### WHAT YOU NEED TO DO
Reproduce the data in full, exactly as it appears.

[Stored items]
(* (Preservation.) For every typing context $\Gamma$, expressions $e, e'$, type $\tau$ and natural number $n$: if $\Gamma \vdash e : \tau$ and $e \Rightarrow^{n} e'$, then $\Gamma \vdash e' : \tau$.
   Context: This concerns the "filtered stepper calculus". Syntax: actions $a ::= \mathsf{skip} \mid \mathsf{step}$; gas $g ::= \mathsf{one} \mid \mathsf{all}$; priorities $l \in \mathbb{N}$. Patterns $p ::= x \mid p(p) \mid \lambda x.p \mid p+p \mid \underline{n} \mid \$e \mid \$v$ (the pattern typing rules also admit $\mathrm{fix}\,x.p$). A filter is a triple $f=(p,a,g)$. Expressions $e ::= x \mid e(e) \mid \lambda x.e \mid \mathrm{fix}\,x.e \mid e+e \mid \underline{n} \mid \mathrm{filter}_f(e) \mid \langle e\rangle^{a,g,l}$ (the last is called a residue), taken up to $\alpha$-equivalence; $\underline{n}$ ranges over numerals. Evaluation contexts $\mathcal{E} ::= \circ \mid \mathcal{E}(e) \mid e(\mathcal{E}) \mid \mathcal{E}+e \mid e+\mathcal{E} \mid \mathrm{filter}_f(\mathcal{E}) \mid \langle \mathcal{E}\rangle^{a,g,l}$, with exactly one hole; $\mathcal{E}[e]$ is the result of plugging $e$ into the hole. The values are exactly $\lambda x.e$ and numerals $\underline{n}$ (fixpoints, filters and residues are never values). Substitution $[v/x]e$ is standard capture-avoiding substitution, which passes through residues unchanged, through filters (substituting also into the filter's pattern), and stops at binders $\lambda x$ and $\mathrm{fix}\,x$ of the same variable. Stripping $|e|$ erases all filter and residue wrappers recursively. Matching $p \triangleright e$ is defined inductively: $\$e \triangleright e$ for all $e$; $\$v \triangleright v$ for every value $v$; $\underline{n}\triangleright\underline{n}$; $\lambda x_1.e_1 \triangleright \lambda x_2.e_2$ if $|e_1| \equiv_\alpha |e_2|$; $\mathrm{fix}\,x_1.e_1 \triangleright \mathrm{fix}\,x_2.e_2$ if $|e_1|\equiv_\alpha |e_2|$; $p_1(p_2)\triangleright e_1(e_2)$ if $p_1\triangleright e_1$ and $p_2\triangleright e_2$; $p_1+p_2\triangleright e_1+e_2$ likewise; there are no other rules. Instrumentation $e \to_{p,a,g,l} e'$ is the inductively defined relation: values and variables and $\mathrm{fix}\,x.e$ are left unchanged; $\langle e_0\rangle^{a',g',l'} \to_{p,a,g,l} \langle e\rangle^{a',g',l'}$ if $e_0\to_{p,a,g,l} e$; $\mathrm{filter}_{(p',a',g')}(e_0)\to_{p,a,g,l}\mathrm{filter}_{(p',a',g')}(e')$ if $e_0\to_{p,a,g,l} e$ and $e \to_{p',a',g',l+1} e'$; for $e_1(e_2)$, if $e_1\to_{p,a,g,l} e_1'$ and $e_2\to_{p,a,g,l} e_2'$ then $e_1(e_2)\to_{p,a,g,l}\langle e_1'(e_2')\rangle^{a,g,l}$ when $p\triangleright e_1(e_2)$ and $e_1(e_2)\to_{p,a,g,l} e_1'(e_2')$ when not; identically for $e_1+e_2$. Decomposition $e = \mathcal{E}[e_0]$ (with $e_0$ a redex) is the non-deterministic relation: $\langle v\rangle^{a,g,l}$ and $\mathrm{filter}_f(v)$ with $v$ a value decompose as hole $\circ$ with redex themselves; if $e$ decomposes as $\mathcal{E}$ and $e_0$ then $\langle e\rangle^{a,g,l}$ decomposes as $\langle\mathcal{E}\rangle^{a,g,l}$ and $e_0$, and $\mathrm{filter}_f(e)$ as $\mathrm{filter}_f(\mathcal{E})$ and $e_0$; $e_1(e_2)$ decomposes as $\mathcal{E}_1(e_2)$ if $e_1$ decomposes as $\mathcal{E}_1$, as $e_1(\mathcal{E}_2)$ if $e_1$ is a value and $e_2$ decomposes as $\mathcal{E}_2$, and as $\circ$ with redex $e_1(e_2)$ if both are values; identically for $e_1+e_2$; $\mathrm{fix}\,x.e$ decomposes as $\circ$ with redex itself. Instruction transitions $e_0 \to e'$: $(\lambda x.e_1)(v)\to [v/x]e_1$ for a value $v$; $\underline{n_1}+\underline{n_2}\to\underline{n_1+n_2}$; $\mathrm{fix}\,x.e\to[\mathrm{fix}\,x.e/x]e$; $\langle v\rangle^{a,g,l}\to v$ and $\mathrm{filter}_f(v)\to v$ for a value $v$. Decay ${\downarrow}\mathcal{E}$ recursively removes every residue with gas $\mathsf{one}$ (replacing $\langle e\rangle^{a,\mathsf{one},l}$ by the decay of $e$), keeps residues with gas $\mathsf{all}$ and filters, applies recursively to all subterms, and maps the hole to the hole. Action selection $(a,l)\vdash\mathcal{E}\Downarrow a'$: $(a,l)\vdash\circ\Downarrow a$; for context nodes of the form application, addition or filter, the judgment passes unchanged into the subcontext containing the hole; $(a_0,l_0)\vdash\langle\mathcal{E}\rangle^{a,g,l}\Downarrow a'$ holds if either $l\le l_0$ and $(a_0,l_0)\vdash\mathcal{E}\Downarrow a'$, or $l>l_0$ and $(a,l)\vdash\mathcal{E}\Downarrow a'$. An expression is strippable if it has the form $\mathrm{filter}_f(e)$ or $\langle e\rangle^{a,g,l}$. Filtered stepping $e\Rightarrow^n e'$ is defined inductively: (i) $v\Rightarrow^0 v$ for every value $v$; (ii) if $e\to_{\$e,\mathsf{step},\mathsf{one},0} e_i$, $e_i=\mathcal{E}_0[e_0]$ (decomposition), $e_0\to e_t$, $e_1=({\downarrow}\mathcal{E}_0)[e_t]$, $(\mathsf{step},0)\vdash\mathcal{E}_0\Downarrow\mathsf{step}$ and $e_0$ is not strippable, then $e\Rightarrow^1 e_1$; (iii) with $e_i,\mathcal{E}_0,e_0,e_t,e_1$ as in (ii), if $(\mathsf{step},0)\vdash\mathcal{E}_0\Downarrow\mathsf{skip}$ and $e_1\Rightarrow^n e_2$, then $e\Rightarrow^{n+1}e_2$; (iv) with the same data, if $e_0$ is strippable and $e_1\Rightarrow^n e_2$, then $e\Rightarrow^{n+1}e_2$. Typing: types $\tau ::= \mathbb{N}\mid \tau\to\tau$. $\Gamma\vdash e:\tau$ is given by the usual Curry-style simply-typed rules: variables from $\Gamma$; $\lambda x.e : \tau_x\to\tau_e$ if $\Gamma,x{:}\tau_x\vdash e:\tau_e$; application; numerals have type $\mathbb{N}$; $e_1+e_2:\mathbb{N}$ if both summands have type $\mathbb{N}$; $\mathrm{fix}\,x.e:\tau$ if $\Gamma,x{:}\tau\vdash e:\tau$; $\mathrm{filter}_{(p,a,g)}(e):\tau_e$ if $\Gamma\vdash p:\tau_p$ for some $\tau_p$ and $\Gamma\vdash e:\tau_e$; $\langle e\rangle^{a,g,l}:\tau$ if $\Gamma\vdash e:\tau$. Pattern typing $\Gamma\vdash p:\tau$: $\$e$ and $\$v$ have every type; variables, $\lambda$, application, numerals, addition and $\mathrm{fix}$ are typed by the analogous rules. *)

theory Defs
  imports Main
begin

### YOUR RESPONSE
(* (Preservation.) For every typing context $\Gamma$, expressions $e, e'$, type $\tau$ and natural number $n$: if $\Gamma \vdash e : \tau$ and $e \Rightarrow^{n} e'$, then $\Gamma \vdash e' : \tau$.
   Context: This concerns the "filtered stepper calculus". Syntax: actions $a ::= \mathsf{skip} \mid \mathsf{step}$; gas $g ::= \mathsf{one} \mid \mathsf{all}$; priorities $l \in \mathbb{N}$. Patterns $p ::= x \mid p(p) \mid \lambda x.p \mid p+p \mid \underline{n} \mid \$e \mid \$v$ (the pattern typing rules also admit $\mathrm{fix}\,x.p$). A filter is a triple $f=(p,a,g)$. Expressions $e ::= x \mid e(e) \mid \lambda x.e \mid \mathrm{fix}\,x.e \mid e+e \mid \underline{n} \mid \mathrm{filter}_f(e) \mid \langle e\rangle^{a,g,l}$ (the last is called a residue), taken up to $\alpha$-equivalence; $\underline{n}$ ranges over numerals. Evaluation contexts $\mathcal{E} ::= \circ \mid \mathcal{E}(e) \mid e(\mathcal{E}) \mid \mathcal{E}+e \mid e+\mathcal{E} \mid \mathrm{filter}_f(\mathcal{E}) \mid \langle \mathcal{E}\rangle^{a,g,l}$, with exactly one hole; $\mathcal{E}[e]$ is the result of plugging $e$ into the hole. The values are exactly $\lambda x.e$ and numerals $\underline{n}$ (fixpoints, filters and residues are never values). Substitution $[v/x]e$ is standard capture-avoiding substitution, which passes through residues unchanged, through filters (substituting also into the filter's pattern), and stops at binders $\lambda x$ and $\mathrm{fix}\,x$ of the same variable. Stripping $|e|$ erases all filter and residue wrappers recursively. Matching $p \triangleright e$ is defined inductively: $\$e \triangleright e$ for all $e$; $\$v \triangleright v$ for every value $v$; $\underline{n}\triangleright\underline{n}$; $\lambda x_1.e_1 \triangleright \lambda x_2.e_2$ if $|e_1| \equiv_\alpha |e_2|$; $\mathrm{fix}\,x_1.e_1 \triangleright \mathrm{fix}\,x_2.e_2$ if $|e_1|\equiv_\alpha |e_2|$; $p_1(p_2)\triangleright e_1(e_2)$ if $p_1\triangleright e_1$ and $p_2\triangleright e_2$; $p_1+p_2\triangleright e_1+e_2$ likewise; there are no other rules. Instrumentation $e \to_{p,a,g,l} e'$ is the inductively defined relation: values and variables and $\mathrm{fix}\,x.e$ are left unchanged; $\langle e_0\rangle^{a',g',l'} \to_{p,a,g,l} \langle e\rangle^{a',g',l'}$ if $e_0\to_{p,a,g,l} e$; $\mathrm{filter}_{(p',a',g')}(e_0)\to_{p,a,g,l}\mathrm{filter}_{(p',a',g')}(e')$ if $e_0\to_{p,a,g,l} e$ and $e \to_{p',a',g',l+1} e'$; for $e_1(e_2)$, if $e_1\to_{p,a,g,l} e_1'$ and $e_2\to_{p,a,g,l} e_2'$ then $e_1(e_2)\to_{p,a,g,l}\langle e_1'(e_2')\rangle^{a,g,l}$ when $p\triangleright e_1(e_2)$ and $e_1(e_2)\to_{p,a,g,l} e_1'(e_2')$ when not; identically for $e_1+e_2$. Decomposition $e = \mathcal{E}[e_0]$ (with $e_0$ a redex) is the non-deterministic relation: $\langle v\rangle^{a,g,l}$ and $\mathrm{filter}_f(v)$ with $v$ a value decompose as hole $\circ$ with redex themselves; if $e$ decomposes as $\mathcal{E}$ and $e_0$ then $\langle e\rangle^{a,g,l}$ decomposes as $\langle\mathcal{E}\rangle^{a,g,l}$ and $e_0$, and $\mathrm{filter}_f(e)$ as $\mathrm{filter}_f(\mathcal{E})$ and $e_0$; $e_1(e_2)$ decomposes as $\mathcal{E}_1(e_2)$ if $e_1$ decomposes as $\mathcal{E}_1$, as $e_1(\mathcal{E}_2)$ if $e_1$ is a value and $e_2$ decomposes as $\mathcal{E}_2$, and as $\circ$ with redex $e_1(e_2)$ if both are values; identically for $e_1+e_2$; $\mathrm{fix}\,x.e$ decomposes as $\circ$ with redex itself. Instruction transitions $e_0 \to e'$: $(\lambda x.e_1)(v)\to [v/x]e_1$ for a value $v$; $\underline{n_1}+\underline{n_2}\to\underline{n_1+n_2}$; $\mathrm{fix}\,x.e\to[\mathrm{fix}\,x.e/x]e$; $\langle v\rangle^{a,g,l}\to v$ and $\mathrm{filter}_f(v)\to v$ for a value $v$. Decay ${\downarrow}\mathcal{E}$ recursively removes every residue with gas $\mathsf{one}$ (replacing $\langle e\rangle^{a,\mathsf{one},l}$ by the decay of $e$), keeps residues with gas $\mathsf{all}$ and filters, applies recursively to all subterms, and maps the hole to the hole. Action selection $(a,l)\vdash\mathcal{E}\Downarrow a'$: $(a,l)\vdash\circ\Downarrow a$; for context nodes of the form application, addition or filter, the judgment passes unchanged into the subcontext containing the hole; $(a_0,l_0)\vdash\langle\mathcal{E}\rangle^{a,g,l}\Downarrow a'$ holds if either $l\le l_0$ and $(a_0,l_0)\vdash\mathcal{E}\Downarrow a'$, or $l>l_0$ and $(a,l)\vdash\mathcal{E}\Downarrow a'$. An expression is strippable if it has the form $\mathrm{filter}_f(e)$ or $\langle e\rangle^{a,g,l}$. Filtered stepping $e\Rightarrow^n e'$ is defined inductively: (i) $v\Rightarrow^0 v$ for every value $v$; (ii) if $e\to_{\$e,\mathsf{step},\mathsf{one},0} e_i$, $e_i=\mathcal{E}_0[e_0]$ (decomposition), $e_0\to e_t$, $e_1=({\downarrow}\mathcal{E}_0)[e_t]$, $(\mathsf{step},0)\vdash\mathcal{E}_0\Downarrow\mathsf{step}$ and $e_0$ is not strippable, then $e\Rightarrow^1 e_1$; (iii) with $e_i,\mathcal{E}_0,e_0,e_t,e_1$ as in (ii), if $(\mathsf{step},0)\vdash\mathcal{E}_0\Downarrow\mathsf{skip}$ and $e_1\Rightarrow^n e_2$, then $e\Rightarrow^{n+1}e_2$; (iv) with the same data, if $e_0$ is strippable and $e_1\Rightarrow^n e_2$, then $e\Rightarrow^{n+1}e_2$. Typing: types $\tau ::= \mathbb{N}\mid \tau\to\tau$. $\Gamma\vdash e:\tau$ is given by the usual Curry-style simply-typed rules: variables from $\Gamma$; $\lambda x.e : \tau_x\to\tau_e$ if $\Gamma,x{:}\tau_x\vdash e:\tau_e$; application; numerals have type $\mathbb{N}$; $e_1+e_2:\mathbb{N}$ if both summands have type $\mathbb{N}$; $\mathrm{fix}\,x.e:\tau$ if $\Gamma,x{:}\tau\vdash e:\tau$; $\mathrm{filter}_{(p,a,g)}(e):\tau_e$ if $\Gamma\vdash p:\tau_p$ for some $\tau_p$ and $\Gamma\vdash e:\tau_e$; $\langle e\rangle^{a,g,l}:\tau$ if $\Gamma\vdash e:\tau$. Pattern typing $\Gamma\vdash p:\tau$: $\$e$ and $\$v$ have every type; variables, $\lambda$, application, numerals, addition and $\mathrm{fix}$ are typed by the analogous rules. *)

theory Defs
  imports Main
begin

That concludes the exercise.